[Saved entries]
- Opening Delimiter -

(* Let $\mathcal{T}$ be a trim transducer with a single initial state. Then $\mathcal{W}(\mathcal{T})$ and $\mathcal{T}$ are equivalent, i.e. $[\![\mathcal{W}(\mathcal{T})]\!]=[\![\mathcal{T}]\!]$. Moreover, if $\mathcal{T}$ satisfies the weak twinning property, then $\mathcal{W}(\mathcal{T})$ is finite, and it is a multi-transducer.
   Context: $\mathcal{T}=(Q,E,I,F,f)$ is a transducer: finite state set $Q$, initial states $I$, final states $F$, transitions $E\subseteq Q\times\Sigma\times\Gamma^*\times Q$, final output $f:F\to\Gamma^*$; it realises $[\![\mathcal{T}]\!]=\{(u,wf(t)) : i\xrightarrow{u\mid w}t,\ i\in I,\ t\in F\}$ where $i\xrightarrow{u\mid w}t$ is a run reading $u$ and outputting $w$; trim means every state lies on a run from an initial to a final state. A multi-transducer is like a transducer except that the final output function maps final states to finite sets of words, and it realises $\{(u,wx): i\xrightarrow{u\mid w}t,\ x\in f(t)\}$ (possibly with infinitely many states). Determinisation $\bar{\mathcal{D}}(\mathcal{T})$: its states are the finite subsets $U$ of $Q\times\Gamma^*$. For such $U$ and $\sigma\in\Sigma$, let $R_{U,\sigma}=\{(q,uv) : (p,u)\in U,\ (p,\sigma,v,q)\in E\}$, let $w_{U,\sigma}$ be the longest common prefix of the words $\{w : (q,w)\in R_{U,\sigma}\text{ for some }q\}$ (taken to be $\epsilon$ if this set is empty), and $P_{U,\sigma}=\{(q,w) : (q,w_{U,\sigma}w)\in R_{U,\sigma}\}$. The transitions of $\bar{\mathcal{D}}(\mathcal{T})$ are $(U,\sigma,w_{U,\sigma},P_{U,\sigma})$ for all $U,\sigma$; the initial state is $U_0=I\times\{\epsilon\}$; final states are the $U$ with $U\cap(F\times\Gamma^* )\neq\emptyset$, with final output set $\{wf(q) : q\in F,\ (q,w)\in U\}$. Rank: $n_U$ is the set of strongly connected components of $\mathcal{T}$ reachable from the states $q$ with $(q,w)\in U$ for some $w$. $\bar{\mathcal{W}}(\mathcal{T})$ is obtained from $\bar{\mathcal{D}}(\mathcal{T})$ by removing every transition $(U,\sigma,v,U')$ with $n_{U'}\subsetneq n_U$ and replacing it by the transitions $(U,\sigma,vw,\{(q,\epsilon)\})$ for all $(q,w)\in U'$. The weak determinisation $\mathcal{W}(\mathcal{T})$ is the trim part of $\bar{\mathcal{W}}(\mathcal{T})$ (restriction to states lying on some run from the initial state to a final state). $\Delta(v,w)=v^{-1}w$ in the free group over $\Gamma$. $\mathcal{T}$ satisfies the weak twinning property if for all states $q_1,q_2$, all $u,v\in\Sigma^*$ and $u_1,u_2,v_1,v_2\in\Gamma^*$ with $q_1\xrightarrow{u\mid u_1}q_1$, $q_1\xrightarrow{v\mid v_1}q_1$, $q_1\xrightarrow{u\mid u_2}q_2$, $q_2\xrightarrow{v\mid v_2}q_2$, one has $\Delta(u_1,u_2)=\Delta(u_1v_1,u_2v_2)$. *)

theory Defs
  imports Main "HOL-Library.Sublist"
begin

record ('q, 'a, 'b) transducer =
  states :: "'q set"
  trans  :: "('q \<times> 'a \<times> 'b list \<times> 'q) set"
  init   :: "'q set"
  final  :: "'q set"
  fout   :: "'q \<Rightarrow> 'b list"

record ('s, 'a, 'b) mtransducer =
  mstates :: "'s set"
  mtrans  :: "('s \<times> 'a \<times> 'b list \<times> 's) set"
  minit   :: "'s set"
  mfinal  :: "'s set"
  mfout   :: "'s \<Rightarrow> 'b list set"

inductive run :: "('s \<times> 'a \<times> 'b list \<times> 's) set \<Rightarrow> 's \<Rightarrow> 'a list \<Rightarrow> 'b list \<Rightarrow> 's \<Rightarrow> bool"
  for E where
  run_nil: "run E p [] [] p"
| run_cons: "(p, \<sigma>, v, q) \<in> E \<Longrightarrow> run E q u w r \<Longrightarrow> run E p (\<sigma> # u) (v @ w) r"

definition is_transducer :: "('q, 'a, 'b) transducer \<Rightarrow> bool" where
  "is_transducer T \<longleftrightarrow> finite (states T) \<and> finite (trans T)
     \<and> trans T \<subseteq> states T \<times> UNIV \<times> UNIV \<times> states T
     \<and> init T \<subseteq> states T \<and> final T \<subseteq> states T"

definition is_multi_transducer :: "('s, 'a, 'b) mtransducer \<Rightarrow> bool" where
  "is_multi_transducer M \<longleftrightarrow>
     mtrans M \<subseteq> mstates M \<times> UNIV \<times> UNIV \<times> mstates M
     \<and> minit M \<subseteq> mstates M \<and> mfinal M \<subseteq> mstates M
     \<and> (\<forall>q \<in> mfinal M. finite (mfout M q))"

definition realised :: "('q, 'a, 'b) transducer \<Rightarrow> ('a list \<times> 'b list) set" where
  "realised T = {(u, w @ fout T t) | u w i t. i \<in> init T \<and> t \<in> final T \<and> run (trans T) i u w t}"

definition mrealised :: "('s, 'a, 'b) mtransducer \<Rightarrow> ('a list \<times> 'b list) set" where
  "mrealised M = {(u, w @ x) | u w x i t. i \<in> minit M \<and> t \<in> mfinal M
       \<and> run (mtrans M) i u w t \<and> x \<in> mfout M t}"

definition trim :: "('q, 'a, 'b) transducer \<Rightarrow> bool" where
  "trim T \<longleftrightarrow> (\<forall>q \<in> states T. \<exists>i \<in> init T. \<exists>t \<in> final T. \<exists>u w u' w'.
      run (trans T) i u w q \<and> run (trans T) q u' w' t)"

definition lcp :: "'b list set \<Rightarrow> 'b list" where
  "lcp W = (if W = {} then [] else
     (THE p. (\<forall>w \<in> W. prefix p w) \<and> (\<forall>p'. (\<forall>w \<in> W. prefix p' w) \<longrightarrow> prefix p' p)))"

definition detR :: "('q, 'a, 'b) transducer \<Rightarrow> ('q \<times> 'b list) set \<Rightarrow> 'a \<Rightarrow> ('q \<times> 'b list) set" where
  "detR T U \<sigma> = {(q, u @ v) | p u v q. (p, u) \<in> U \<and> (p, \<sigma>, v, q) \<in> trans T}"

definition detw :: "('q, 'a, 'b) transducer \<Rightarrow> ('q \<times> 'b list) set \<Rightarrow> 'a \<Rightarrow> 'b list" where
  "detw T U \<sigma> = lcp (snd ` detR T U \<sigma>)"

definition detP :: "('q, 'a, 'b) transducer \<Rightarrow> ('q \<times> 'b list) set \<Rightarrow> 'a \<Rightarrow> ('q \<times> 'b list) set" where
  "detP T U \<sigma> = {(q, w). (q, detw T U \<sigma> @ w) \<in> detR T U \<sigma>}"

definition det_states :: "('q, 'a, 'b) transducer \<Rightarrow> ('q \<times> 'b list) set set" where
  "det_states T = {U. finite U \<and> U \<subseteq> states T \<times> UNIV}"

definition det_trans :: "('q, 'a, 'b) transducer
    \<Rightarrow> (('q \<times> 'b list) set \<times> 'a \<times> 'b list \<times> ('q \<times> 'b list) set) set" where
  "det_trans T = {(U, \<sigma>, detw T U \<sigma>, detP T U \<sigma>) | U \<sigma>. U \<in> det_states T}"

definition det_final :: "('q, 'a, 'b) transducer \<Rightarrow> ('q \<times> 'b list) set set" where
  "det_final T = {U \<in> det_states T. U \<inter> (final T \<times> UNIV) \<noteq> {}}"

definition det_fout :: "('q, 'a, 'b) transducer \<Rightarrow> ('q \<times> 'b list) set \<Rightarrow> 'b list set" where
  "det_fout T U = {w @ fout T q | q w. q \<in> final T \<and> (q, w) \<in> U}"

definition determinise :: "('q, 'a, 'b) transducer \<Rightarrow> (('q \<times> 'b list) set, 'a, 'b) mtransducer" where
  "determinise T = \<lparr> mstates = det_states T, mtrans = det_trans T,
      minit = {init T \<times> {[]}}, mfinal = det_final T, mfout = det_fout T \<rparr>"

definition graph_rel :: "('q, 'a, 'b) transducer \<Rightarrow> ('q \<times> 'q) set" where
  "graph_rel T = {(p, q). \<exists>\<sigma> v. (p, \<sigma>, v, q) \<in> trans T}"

- Closing Delimiter -

Activity. All lines from the one containing "('q \<times> 'q)" through the last line of the data, both included, are to be retyped exactly, and no other line belongs in the answer.

Final answer.
definition graph_rel :: "('q, 'a, 'b) transducer \<Rightarrow> ('q \<times> 'q) set" where
  "graph_rel T = {(p, q). \<exists>\<sigma> v. (p, \<sigma>, v, q) \<in> trans T}"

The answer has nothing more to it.